Arcus Biosciences has ended its Phase 3 clinical trial—known as 3-star—after determining the experimental treatment combination did not meet efficacy targets in upper gastrointestinal cancer patients. The decision came following guidance from an independent data monitoring board that reviewed interim survival data from the trial.

The discontinued 3-star study was evaluating whether a combination of domvanalimab (an anti-TIGIT agent) paired with zimberelimab (anti-PD-1 antibody) plus chemotherapy could outperform the existing standard of nivolumab combined with chemotherapy in patients with advanced gastric and esophageal cancers receiving first-line treatment. At the interim analysis checkpoint, the experimental combination failed to show a survival advantage over the control regimen. Both treatment approaches demonstrated comparable safety profiles during the trial.

This development represents a setback for the partnership between Arcus and Gilead Sciences but does not derail the companies’ broader pipeline. Arcus is now prioritizing expansion of its casdatifan program—a next-generation HIF-2α inhibitor demonstrating robust single-agent activity. The company expects multiple clinical readouts for this candidate in 2026. Additionally, Arcus has licensed casdatifan development rights in Japan and select Asian markets to Taiho Pharmaceutical, a deal finalized in October 2025. Arcus retains exclusive rights to the compound in other regions.

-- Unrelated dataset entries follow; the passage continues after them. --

lemma AE_le_Bnd:
  assumes prob: "prob_space \<nu>" and borel: "sets \<nu> = sets borel" and bdd: "bdd_above (supp \<nu>)"
  shows "AE x in \<nu>. x \<le> Bnd \<nu>"
proof -
  interpret prob_space \<nu> by fact
  define I where "I = {p :: real \<times> real. fst p \<in> \<rat> \<and> snd p \<in> \<rat> \<and> measure \<nu> {fst p<..<snd p} = 0}"
  have "countable I"
  proof (rule countable_subset)
    show "I \<subseteq> \<rat> \<times> \<rat>" by (auto simp: I_def)
  qed (intro countable_SIGMA countable_rat)
  then have null: "(\<Union>p\<in>I. {fst p<..<snd p}) \<in> null_sets \<nu>"
  proof (rule null_sets_UN')
    fix p assume "p \<in> I"
    then show "{fst p<..<snd p} \<in> null_sets \<nu>"
      using borel by (simp add: I_def emeasure_eq_measure null_sets_def)
  qed
  have "{x \<in> space \<nu>. \<not> x \<le> Bnd \<nu>} \<subseteq> (\<Union>p\<in>I. {fst p<..<snd p})"
  proof
    fix x assume "x \<in> {x \<in> space \<nu>. \<not> x \<le> Bnd \<nu>}"
    then have x: "Bnd \<nu> < x" by auto
    have "x \<notin> supp \<nu>"
    proof
      assume "x \<in> supp \<nu>"
      then have "x \<le> Sup (supp \<nu>)" using bdd by (rule cSup_upper)
      then show False using x unfolding Bnd_def by linarith
    qed
    then obtain e where e: "e > 0" "\<not> measure \<nu> {x - e<..<x + e} > 0" unfolding supp_def by auto
    obtain a where a: "a \<in> \<rat>" "x - e < a" "a < x" using Rats_dense_in_real[of "x - e" x] e by auto
    obtain b where b: "b \<in> \<rat>" "x < b" "b < x + e" using Rats_dense_in_real[of x "x + e"] e by auto
    have "measure \<nu> {a<..<b} \<le> measure \<nu> {x - e<..<x + e}"
      using a b borel by (intro finite_measure_mono) auto
    then have "measure \<nu> {a<..<b} = 0" using e measure_nonneg[of \<nu> "{a<..<b}"] by linarith
    then have "(a, b) \<in> I" using a b by (auto simp: I_def)
    then show "x \<in> (\<Union>p\<in>I. {fst p<..<snd p})" using a b by force
  qed
  then show ?thesis by (rule AE_I'[OF null])
qed

lemma cs_generator_Bnd:
  assumes prob: "prob_space \<nu>" and borel: "sets \<nu> = sets borel"
    and nondeg: "\<not> (\<exists>c. measure \<nu> {c} = 1)" and bdd: "bdd_above (supp \<nu>)"
  shows "cs_generator \<nu> (Bnd \<nu>)"
proof (rule cs_generator.intro[OF prob borel])
  interpret prob_space \<nu> by (rule prob)
  show "0 \<le> Bnd \<nu>" by (simp add: Bnd_def)
  show "AE x in \<nu>. x \<le> Bnd \<nu>" by (rule AE_le_Bnd[OF prob borel bdd])
  show "\<not> (AE x in \<nu>. x = c)" for c
  proof
    assume "AE x in \<nu>. x = c"
    moreover have "{x \<in> space \<nu>. x = c} = {c}" using sets_eq_imp_space_eq[OF borel] by auto
    moreover have "{c} \<in> sets \<nu>" using borel by simp
    ultimately have "prob {c} = 1" using prob_Collect_eq_1[of "\<lambda>x. x = c"] by simp
    then show False using nondeg by auto
  qed
qed

lemma (in cs_generator) defs_eq_at_Bnd:
  assumes "Bnd \<mu> = B"
  shows "Theta \<mu> = Theta_B" and "theta_plus_filter \<mu> = theta_plus_B"
    and "mplus \<mu> = Lim theta_plus_B (kf \<mu>)" and "psif \<mu> = psi_B"
    and "Vratio \<mu> = Vratio_B" and "Vf \<mu> = (\<lambda>m. m * Vratio_B m)"
proof -
  show Theta: "Theta \<mu> = Theta_B" and "theta_plus_filter \<mu> = theta_plus_B"
    using assms by (simp_all add: Theta_def Theta_B_def theta_plus_filter_def theta_plus_B_def)
  then show "mplus \<mu> = Lim theta_plus_B (kf \<mu>)" by (simp add: mplus_def)
  show psif: "psif \<mu> = psi_B" by (simp add: fun_eq_iff psif_def psi_B_def Theta)
  show "Vratio \<mu> = Vratio_B" and "Vf \<mu> = (\<lambda>m. m * Vratio_B m)"
    by (simp_all add: fun_eq_iff Vratio_def Vf_def Vratio_B_def psif)
qed

theorem theorem2p3:
  fixes \<nu> :: "real measure" and m1 m :: real
  assumes prob: "prob_space \<nu>"
    and borel: "sets \<nu> = sets borel"
    and nondeg: "\<not> (\<exists>c. measure \<nu> {c} = 1)"
    and bdd: "bdd_above (supp \<nu>)"
    and m1_dom: "m1 \<in> kf \<nu> ` Theta \<nu>"
    and m_dom: "m \<in> kf \<nu> ` Theta \<nu>"
  defines "k1 \<equiv> kf (Qf \<nu> m1)"
    and "psi1 \<equiv> the_inv_into (Theta \<nu>) (kf (Qf \<nu> m1))"
  defines "mbar \<equiv> k1 (psif \<nu> m)"
  shows
    "(m \<noteq> m1 \<and> m \<noteq> 0 \<and> m1 \<noteq> 0 \<longrightarrow>
        mbar = (m\<^sup>2 * Vf \<nu> m1 - m1\<^sup>2 * Vf \<nu> m) / (m * Vf \<nu> m1 - m1 * Vf \<nu> m))
     \<and> (m = m1 \<and> m1 \<noteq> 0 \<longrightarrow>
        mbar = (2 * m1 * Vf \<nu> m1 - m1\<^sup>2 * deriv (Vf \<nu>) m1)
               / (Vf \<nu> m1 - m1 * deriv (Vf \<nu>) m1))
     \<and> (m \<noteq> m1 \<and> m * m1 = 0 \<longrightarrow>
        mbar = (m * Vratio \<nu> m1 - m1 * Vratio \<nu> m) / (Vratio \<nu> m1 - Vratio \<nu> m))
     \<and> (m = m1 \<and> m1 = 0 \<longrightarrow>
        mbar = m1 - Vratio \<nu> m1 / deriv (Vratio \<nu>) m1)
     \<and> (k1 \<longlongrightarrow> m1) (at_right 0)
     \<and> (\<exists>R. ((\<lambda>b. (mplus \<nu> * Gf \<nu> b - m1 * (1 / Vratio \<nu> m1))
                    / (Gf \<nu> b - 1 / Vratio \<nu> m1)) \<longlongrightarrow> R) (at_right (Bnd \<nu>))
            \<and> (k1 \<longlongrightarrow> R) (theta_plus_filter \<nu>))
     \<and> (1 / psi1 mbar - mbar) + mbar = Vratio \<nu> m + m"
proof -
  interpret cs_generator \<nu> "Bnd \<nu>" by (rule cs_generator_Bnd[OF prob borel nondeg bdd])
  note defs = defs_eq_at_Bnd[OF refl]
  obtain t t1 where t: "t \<in> Theta_B" "m = kf \<nu> t" and t1: "t1 \<in> Theta_B" "m1 = kf \<nu> t1"
    using m_dom m1_dom defs(1) by auto
  have Q: "Qf \<nu> m1 = Pf \<nu> t1" by (simp add: Qf_def defs t1 psi_B_kf)
  then have k1: "k1 = kf (Pf \<nu> t1)" and mbar: "mbar = kf (Pf \<nu> t1) t"
    by (simp_all add: mbar_def k1_def defs t psi_B_kf)
  have off_diag: "mbar = (m * Vratio_B m1 - m1 * Vratio_B m) / (Vratio_B m1 - Vratio_B m)" if "m \<noteq> m1"
    using kf_Pf_Vratio_B[OF t(1) t1(1)] that unfolding mbar t(2) t1(2) by auto
  have diag: "mbar = m1 - Vratio_B m1 / deriv Vratio_B m1" if "m = m1"
    using kf_Pf_diag_Vratio_B[OF t1(1)] that t t1 psi_B_kf unfolding mbar by metis
  have deriv_V: "deriv (\<lambda>m. m * Vratio_B m) m1 = Vratio_B m1 + m1 * deriv Vratio_B m1"
    and deriv_neq_0: "deriv Vratio_B m1 \<noteq> 0"
    using deriv_mult_Vratio_B[OF t1(1)] deriv_Vratio_B_neg[OF t1(1)] t1(2) by auto
  have "1 / Vratio_B m1 = t1 * Mf \<nu> t1" using Vratio_B_kf[OF t1(1)] t1(2) by simp
  then have limits: "(k1 \<longlongrightarrow> m1) (at_right 0)"
      "\<exists>R. ((\<lambda>b. (mplus \<nu> * Gf \<nu> b - m1 * (1 / Vratio \<nu> m1))
                    / (Gf \<nu> b - 1 / Vratio \<nu> m1)) \<longlongrightarrow> R) (at_right (Bnd \<nu>))
            \<and> (k1 \<longlongrightarrow> R) (theta_plus_filter \<nu>)"
    using tendsto_kf_Pf_at_right_0[OF t1(1)] tendsto_kf_Pf_theta_plus_B[OF t1(1)]
    unfolding k1 defs t1(2) by simp_all
  have "psi1 mbar = psi_B m"
    using the_inv_into_kf_Pf[OF t(1) t1(1)] psi_B_kf[OF t(1)]
    unfolding psi1_def mbar Q defs t(2) by simp
  then have iii: "(1 / psi1 mbar - mbar) + mbar = Vratio \<nu> m + m"
    by (simp add: defs Vratio_B_def)
  show ?thesis
    using off_diag diag deriv_neq_0 real_divide_mult_form[of m m1]
      real_diag_mult_form[of m1 "deriv Vratio_B m1"] limits iii
    unfolding defs deriv_V by auto
qed

end
lemma collineation_line_of: "P \<noteq> Q \<Longrightarrow> f ` line_of Ls P Q = line_of Ls (f P) (f Q)"
  using line_of_eq[OF collineation_image_in] inj_eq[OF collineation_inj]
  by (metis imageI line_of_in left_in_line_of right_in_line_of)

lemma collineation_par_through: "l \<in> Ls \<Longrightarrow> f ` par_through Ls P l = par_through Ls (f P) (f ` l)"
  using par_through_eq[OF collineation_image_in] collineation_parallel_iff collineation_image_in
  by (metis imageI in_par_through par_through_in parallel_par_through)

lemma collineation_meet:
  assumes "l \<in> Ls" "m \<in> Ls" "\<not> parallel Ls l m"
  shows "f (meet l m) = meet (f ` l) (f ` m)"
proof -
  have "f ` l \<noteq> f ` m"
  proof
    assume "f ` l = f ` m"
    then have "l = m" using inj_image_eq_iff[OF collineation_inj] by blast
    then show False using assms(3) parallel_refl[OF assms(1)] by simp
  qed
  then show ?thesis
    using meet_eq[OF collineation_image_in[OF assms(1)] collineation_image_in[OF assms(2)] _
        imageI[OF meet_in(1)[OF assms]] imageI[OF meet_in(2)[OF assms]]]
    by simp
qed

lemma collineation_par_proj:
  assumes "l \<in> Ls" "d \<in> Ls" "\<not> parallel Ls l d"
  shows "f (par_proj Ls l d P) = par_proj Ls (f ` l) (f ` d) (f P)"
  unfolding par_proj_def
  using collineation_meet[OF assms(1) par_through_in[OF assms(2)]
      not_parallel_par_through[OF assms(2,3)]]
  by (simp add: collineation_par_through[OF assms(2)])

lemma collineation_add_with:
  assumes OI: "Oz \<noteq> Iu" and B1: "B1 \<notin> line_of Ls Oz Iu" and B: "B \<in> line_of Ls Oz Iu"
  shows "f (add_with Ls Oz Iu B1 A B) = add_with Ls (f Oz) (f Iu) (f B1) (f A) (f B)"
proof -
  have "Oz \<noteq> B1" "B \<noteq> B1" using OI B1 B by auto
  have "f (add_pivot Ls Oz Iu B1 A) = add_pivot Ls (f Oz) (f Iu) (f B1) (f A)"
    unfolding add_pivot_def collineation_par_proj[OF add_pivot_frame[OF OI B1]]
    by (simp add: collineation_par_through collineation_line_of OI \<open>Oz \<noteq> B1\<close>)
  moreover have "\<not> parallel Ls (line_of Ls Oz Iu) (line_of Ls B B1)"
    using not_parallel_line_of_off_line[OF _ B B1] parallel_sym OI by auto
  ultimately show ?thesis
    unfolding add_with_def
    by (simp add: collineation_par_proj[OF line_of_in[OF OI] line_of_in[OF \<open>B \<noteq> B1\<close>]]
        collineation_line_of OI \<open>B \<noteq> B1\<close>)
qed

lemma collineation_mul_with:
  assumes OI: "Oz \<noteq> Iu" and B1: "B1 \<notin> line_of Ls Oz Iu" and B: "B \<in> line_of Ls Oz Iu"
  shows "f (mul_with Ls Oz Iu B1 A B) = mul_with Ls (f Oz) (f Iu) (f B1) (f A) (f B)"
proof -
  have "Oz \<noteq> B1" "Iu \<noteq> B1" "B \<noteq> B1" using OI B1 B by auto
  have "f (mul_pivot Ls Oz Iu B1 A) = mul_pivot Ls (f Oz) (f Iu) (f B1) (f A)"
    unfolding mul_pivot_def collineation_par_proj[OF mul_pivot_frame[OF OI B1]]
    by (simp add: collineation_line_of \<open>Oz \<noteq> B1\<close> \<open>Iu \<noteq> B1\<close>)
  moreover have "\<not> parallel Ls (line_of Ls Oz Iu) (line_of Ls B B1)"
    using not_parallel_line_of_off_line[OF _ B B1] parallel_sym OI by auto
  ultimately show ?thesis
    unfolding mul_with_def
    by (simp add: collineation_par_proj[OF line_of_in[OF OI] line_of_in[OF \<open>B \<noteq> B1\<close>]]
        collineation_line_of OI \<open>B \<noteq> B1\<close>)
qed

end

end

context desarguesian_plane
begin

context
  fixes f :: "'p \<Rightarrow> 'p" and Oz Iu :: 'p
  assumes collineation: "collineation Ls f" and Oz_Iu: "Oz \<noteq> Iu"
begin

private lemma image_frame:
  "f Oz \<noteq> f Iu" "f ` line_of Ls Oz Iu = line_of Ls (f Oz) (f Iu)"
  "X \<in> line_of Ls Oz Iu \<Longrightarrow> f X \<in> line_of Ls (f Oz) (f Iu)"
  "X \<notin> line_of Ls Oz Iu \<Longrightarrow> f X \<notin> line_of Ls (f Oz) (f Iu)"
proof -
  show "f Oz \<noteq> f Iu" using Oz_Iu inj_eq[OF collineation_inj[OF collineation]] by simp
  show eq: "f ` line_of Ls Oz Iu = line_of Ls (f Oz) (f Iu)"
    using collineation_line_of[OF collineation Oz_Iu] .
  show "X \<in> line_of Ls Oz Iu \<Longrightarrow> f X \<in> line_of Ls (f Oz) (f Iu)"
    "X \<notin> line_of Ls Oz Iu \<Longrightarrow> f X \<notin> line_of Ls (f Oz) (f Iu)"
    unfolding eq[symmetric] collineation_mem_image_iff[OF collineation] by simp_all
qed

lemma collineation_sf_add:
  assumes "A \<in> line_of Ls Oz Iu" "B \<in> line_of Ls Oz Iu"
  shows "f (sf_add Ls Oz Iu A B) = sf_add Ls (f Oz) (f Iu) (f A) (f B)"
  unfolding sf_add_eq_add_with
    collineation_add_with[OF collineation Oz_Iu aux_pt_not_in_line[OF Oz_Iu] assms(2)]
  using add_with_indep[OF image_frame(1) image_frame(4)[OF aux_pt_not_in_line[OF Oz_Iu]]
      aux_pt_not_in_line[OF image_frame(1)] image_frame(3)[OF assms(1)]
      image_frame(3)[OF assms(2)]] .

lemma collineation_sf_mul:
  assumes "A \<in> line_of Ls Oz Iu" "B \<in> line_of Ls Oz Iu"
  shows "f (sf_mul Ls Oz Iu A B) = sf_mul Ls (f Oz) (f Iu) (f A) (f B)"
  unfolding sf_mul_eq_mul_with
    collineation_mul_with[OF collineation Oz_Iu aux_pt_not_in_line[OF Oz_Iu] assms(2)]
  using mul_with_indep[OF image_frame(1) image_frame(4)[OF aux_pt_not_in_line[OF Oz_Iu]]
      aux_pt_not_in_line[OF image_frame(1)] image_frame(3)[OF assms(1)]
      image_frame(3)[OF assms(2)]] .

lemma collineation_sf_neg:
  assumes "X \<in> line_of Ls Oz Iu"
  shows "f (sf_neg Ls Oz Iu X) = sf_neg Ls (f Oz) (f Iu) (f X)"
proof -
  have "sf_add Ls (f Oz) (f Iu) (f X) (f (sf_neg Ls Oz Iu X)) = f Oz"
    using collineation_sf_add[OF assms sf_neg_in_line[OF Oz_Iu, of X]] sf_add_neg[OF Oz_Iu, of X]
    by simp
  then show ?thesis
    using sf_neg_eqI[OF image_frame(1) image_frame(3)[OF sf_neg_in_line[OF Oz_Iu]]] by simp
qed

lemma collineation_sf_inv:
  assumes "X \<in> line_of Ls Oz Iu" "X \<noteq> Oz"
  shows "f (sf_inv Ls Oz Iu X) = sf_inv Ls (f Oz) (f Iu) (f X)"
proof -
  have "sf_mul Ls (f Oz) (f Iu) (f X) (f (sf_inv Ls Oz Iu X)) = f Iu"
    using collineation_sf_mul[OF assms(1) sf_inv_in_line[OF Oz_Iu assms]] sf_mul_inv[OF Oz_Iu assms]
    by simp
  moreover have "f X \<noteq> f Oz" using assms(2) inj_eq[OF collineation_inj[OF collineation]] by simp
  ultimately show ?thesis
    using sf_inv_eqI[OF image_frame(1) image_frame(3)[OF assms(1)] _
        image_frame(3)[OF sf_inv_in_line[OF Oz_Iu assms]]] by simp
qed

lemma collineation_sf_sub:
  assumes "A \<in> line_of Ls Oz Iu" "B \<in> line_of Ls Oz Iu"
  shows "f (sf_sub Ls Oz Iu A B) = sf_sub Ls (f Oz) (f Iu) (f A) (f B)"
  unfolding sf_sub_def collineation_sf_add[OF assms(1) sf_neg_in_line[OF Oz_Iu]]
    collineation_sf_neg[OF assms(2)] ..

lemma collineation_ratio:
  assumes "A \<in> line_of Ls Oz Iu" "B \<in> line_of Ls Oz Iu" "C \<in> line_of Ls Oz Iu" "B \<noteq> C"
  shows "f (ratio Ls Oz Iu A B C) = ratio Ls (f Oz) (f Iu) (f A) (f B) (f C)"
proof -
  have "sf_sub Ls Oz Iu B C \<noteq> Oz" using sf_sub_neq_zero[OF Oz_Iu assms(2-4)] .
  then show ?thesis
    unfolding ratio_def
    by (simp add: collineation_sf_mul sf_inv_in_line sf_sub_in_line collineation_sf_inv
        collineation_sf_sub assms Oz_Iu)
qed

end

end

theorem mainTheorem13:
  fixes Ls :: "'p set set" and Oz Iu A B C :: 'p and \<delta> :: "'p \<Rightarrow> 'p"
  assumes "desargues_affine_plane Ls"
    and "Oz \<noteq> Iu"
    and "dilatation Ls \<delta>"
    and "A \<in> line_of Ls Oz Iu" and "B \<in> line_of Ls Oz Iu" and "C \<in> line_of Ls Oz Iu"
    and "B \<noteq> C"
  shows "\<delta> (ratio Ls Oz Iu A B C) = ratio Ls (\<delta> Oz) (\<delta> Iu) (\<delta> A) (\<delta> B) (\<delta> C)"
proof -
  interpret desarguesian_plane Ls
    using assms(1) unfolding desargues_affine_plane_def by unfold_locales auto
  have "collineation Ls \<delta>" using assms(3) unfolding dilatation_def by blast
  then show ?thesis using collineation_ratio assms(2,4-7) by blast
qed

end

Beyond oncology, Arcus is advancing five early-stage programs targeting inflammatory and autoimmune conditions, with a novel MRGPRX2 inhibitor expected to enter clinical testing next year. With approximately $1 billion in available capital and investments, the company projects sufficient funding to sustain operations through at least mid-2028, providing a strategic runway for its diversified development efforts.